## [Exercise material]
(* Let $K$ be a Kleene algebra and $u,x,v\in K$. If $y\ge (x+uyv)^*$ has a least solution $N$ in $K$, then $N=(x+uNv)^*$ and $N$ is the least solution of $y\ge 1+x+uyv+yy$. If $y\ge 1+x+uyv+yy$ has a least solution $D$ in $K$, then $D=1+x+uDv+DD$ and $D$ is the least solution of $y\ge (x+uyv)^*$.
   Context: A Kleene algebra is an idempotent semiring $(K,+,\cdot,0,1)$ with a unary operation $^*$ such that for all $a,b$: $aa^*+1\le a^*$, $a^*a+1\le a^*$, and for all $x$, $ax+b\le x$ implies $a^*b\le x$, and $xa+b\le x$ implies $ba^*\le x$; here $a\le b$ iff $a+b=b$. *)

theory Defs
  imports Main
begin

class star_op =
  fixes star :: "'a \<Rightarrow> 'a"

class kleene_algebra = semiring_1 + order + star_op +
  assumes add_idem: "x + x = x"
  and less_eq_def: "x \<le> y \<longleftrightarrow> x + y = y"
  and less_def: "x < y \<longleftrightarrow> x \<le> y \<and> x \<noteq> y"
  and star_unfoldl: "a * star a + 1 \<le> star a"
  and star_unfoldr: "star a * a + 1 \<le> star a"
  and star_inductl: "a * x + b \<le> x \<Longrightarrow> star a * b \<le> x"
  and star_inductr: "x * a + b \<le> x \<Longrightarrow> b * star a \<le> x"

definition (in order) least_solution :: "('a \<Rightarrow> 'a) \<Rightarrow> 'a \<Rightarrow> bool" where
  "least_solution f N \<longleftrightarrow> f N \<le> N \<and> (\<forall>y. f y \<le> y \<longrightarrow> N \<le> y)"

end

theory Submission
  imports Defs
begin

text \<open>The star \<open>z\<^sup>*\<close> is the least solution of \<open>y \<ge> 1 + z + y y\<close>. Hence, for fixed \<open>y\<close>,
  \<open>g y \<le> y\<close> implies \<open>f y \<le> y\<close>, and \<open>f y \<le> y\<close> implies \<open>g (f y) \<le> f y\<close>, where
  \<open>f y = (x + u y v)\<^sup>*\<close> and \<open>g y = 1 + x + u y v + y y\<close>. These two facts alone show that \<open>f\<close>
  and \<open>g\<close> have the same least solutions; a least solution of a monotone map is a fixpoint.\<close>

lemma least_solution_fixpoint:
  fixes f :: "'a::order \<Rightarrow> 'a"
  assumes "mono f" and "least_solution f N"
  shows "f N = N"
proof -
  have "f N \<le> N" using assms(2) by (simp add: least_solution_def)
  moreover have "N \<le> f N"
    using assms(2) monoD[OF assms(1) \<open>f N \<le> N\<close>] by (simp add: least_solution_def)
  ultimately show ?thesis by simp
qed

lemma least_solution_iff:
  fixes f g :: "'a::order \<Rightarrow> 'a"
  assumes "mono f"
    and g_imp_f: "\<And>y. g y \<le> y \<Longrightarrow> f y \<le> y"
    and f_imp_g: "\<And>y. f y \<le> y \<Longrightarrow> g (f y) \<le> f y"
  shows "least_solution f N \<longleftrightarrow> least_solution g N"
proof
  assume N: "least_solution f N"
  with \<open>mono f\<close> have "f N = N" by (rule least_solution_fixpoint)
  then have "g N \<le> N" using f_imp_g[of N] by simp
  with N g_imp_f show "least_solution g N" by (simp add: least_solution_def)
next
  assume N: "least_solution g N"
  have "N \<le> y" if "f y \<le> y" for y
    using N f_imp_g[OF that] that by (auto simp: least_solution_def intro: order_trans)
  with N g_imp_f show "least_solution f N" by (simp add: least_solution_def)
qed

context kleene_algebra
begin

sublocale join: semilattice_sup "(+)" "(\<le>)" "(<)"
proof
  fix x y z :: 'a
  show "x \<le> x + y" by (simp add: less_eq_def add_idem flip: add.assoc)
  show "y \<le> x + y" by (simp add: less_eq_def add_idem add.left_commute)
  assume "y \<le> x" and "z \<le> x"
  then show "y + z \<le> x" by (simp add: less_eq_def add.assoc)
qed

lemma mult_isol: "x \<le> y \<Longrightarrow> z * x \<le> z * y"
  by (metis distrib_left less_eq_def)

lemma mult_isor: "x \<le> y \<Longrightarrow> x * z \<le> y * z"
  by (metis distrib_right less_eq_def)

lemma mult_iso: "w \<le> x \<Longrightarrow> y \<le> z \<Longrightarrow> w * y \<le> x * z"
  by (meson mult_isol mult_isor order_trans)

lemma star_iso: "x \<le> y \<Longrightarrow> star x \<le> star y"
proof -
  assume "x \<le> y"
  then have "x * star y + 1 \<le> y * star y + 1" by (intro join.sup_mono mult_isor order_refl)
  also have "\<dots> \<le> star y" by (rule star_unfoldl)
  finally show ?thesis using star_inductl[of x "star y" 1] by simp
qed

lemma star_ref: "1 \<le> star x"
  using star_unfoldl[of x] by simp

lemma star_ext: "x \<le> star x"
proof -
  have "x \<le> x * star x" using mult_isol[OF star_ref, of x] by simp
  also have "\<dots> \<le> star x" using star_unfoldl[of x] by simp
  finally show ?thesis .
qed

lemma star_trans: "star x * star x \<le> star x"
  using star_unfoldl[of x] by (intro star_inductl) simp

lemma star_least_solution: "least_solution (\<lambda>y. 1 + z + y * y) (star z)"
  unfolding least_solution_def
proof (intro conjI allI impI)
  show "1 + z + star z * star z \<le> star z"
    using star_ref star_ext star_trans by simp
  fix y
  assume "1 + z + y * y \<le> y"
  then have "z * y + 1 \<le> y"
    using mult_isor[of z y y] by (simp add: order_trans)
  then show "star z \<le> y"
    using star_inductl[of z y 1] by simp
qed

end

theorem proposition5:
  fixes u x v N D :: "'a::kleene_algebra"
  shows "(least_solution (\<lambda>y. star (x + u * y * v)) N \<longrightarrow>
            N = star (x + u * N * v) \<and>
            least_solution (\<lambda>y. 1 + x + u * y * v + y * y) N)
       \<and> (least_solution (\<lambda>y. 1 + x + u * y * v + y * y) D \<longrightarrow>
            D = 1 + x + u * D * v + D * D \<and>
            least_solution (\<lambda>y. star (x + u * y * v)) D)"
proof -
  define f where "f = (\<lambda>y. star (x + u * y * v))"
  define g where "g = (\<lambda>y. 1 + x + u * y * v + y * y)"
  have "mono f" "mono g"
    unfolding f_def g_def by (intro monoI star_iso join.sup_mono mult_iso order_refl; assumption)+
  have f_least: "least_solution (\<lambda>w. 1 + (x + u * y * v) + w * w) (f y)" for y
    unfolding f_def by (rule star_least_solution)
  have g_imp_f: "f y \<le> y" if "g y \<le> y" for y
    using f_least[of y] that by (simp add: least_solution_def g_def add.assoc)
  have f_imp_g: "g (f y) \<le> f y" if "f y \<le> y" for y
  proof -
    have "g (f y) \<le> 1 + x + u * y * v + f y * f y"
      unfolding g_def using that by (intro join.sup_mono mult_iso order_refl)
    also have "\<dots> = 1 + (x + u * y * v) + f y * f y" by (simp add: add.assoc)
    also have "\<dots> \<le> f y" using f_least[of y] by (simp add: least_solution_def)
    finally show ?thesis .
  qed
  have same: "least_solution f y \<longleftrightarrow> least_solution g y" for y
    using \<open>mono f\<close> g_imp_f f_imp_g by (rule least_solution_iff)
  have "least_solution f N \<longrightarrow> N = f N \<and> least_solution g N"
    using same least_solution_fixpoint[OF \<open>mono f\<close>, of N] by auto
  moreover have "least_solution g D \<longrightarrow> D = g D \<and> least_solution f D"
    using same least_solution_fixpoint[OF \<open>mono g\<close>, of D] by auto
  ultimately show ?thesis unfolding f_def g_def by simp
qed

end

## [Your assignment]
Every line of the listing above that contains "ultimately" is to be copied.

## [Answer to this exercise]
  ultimately show ?thesis by simp
  ultimately show ?thesis unfolding f_def g_def by simp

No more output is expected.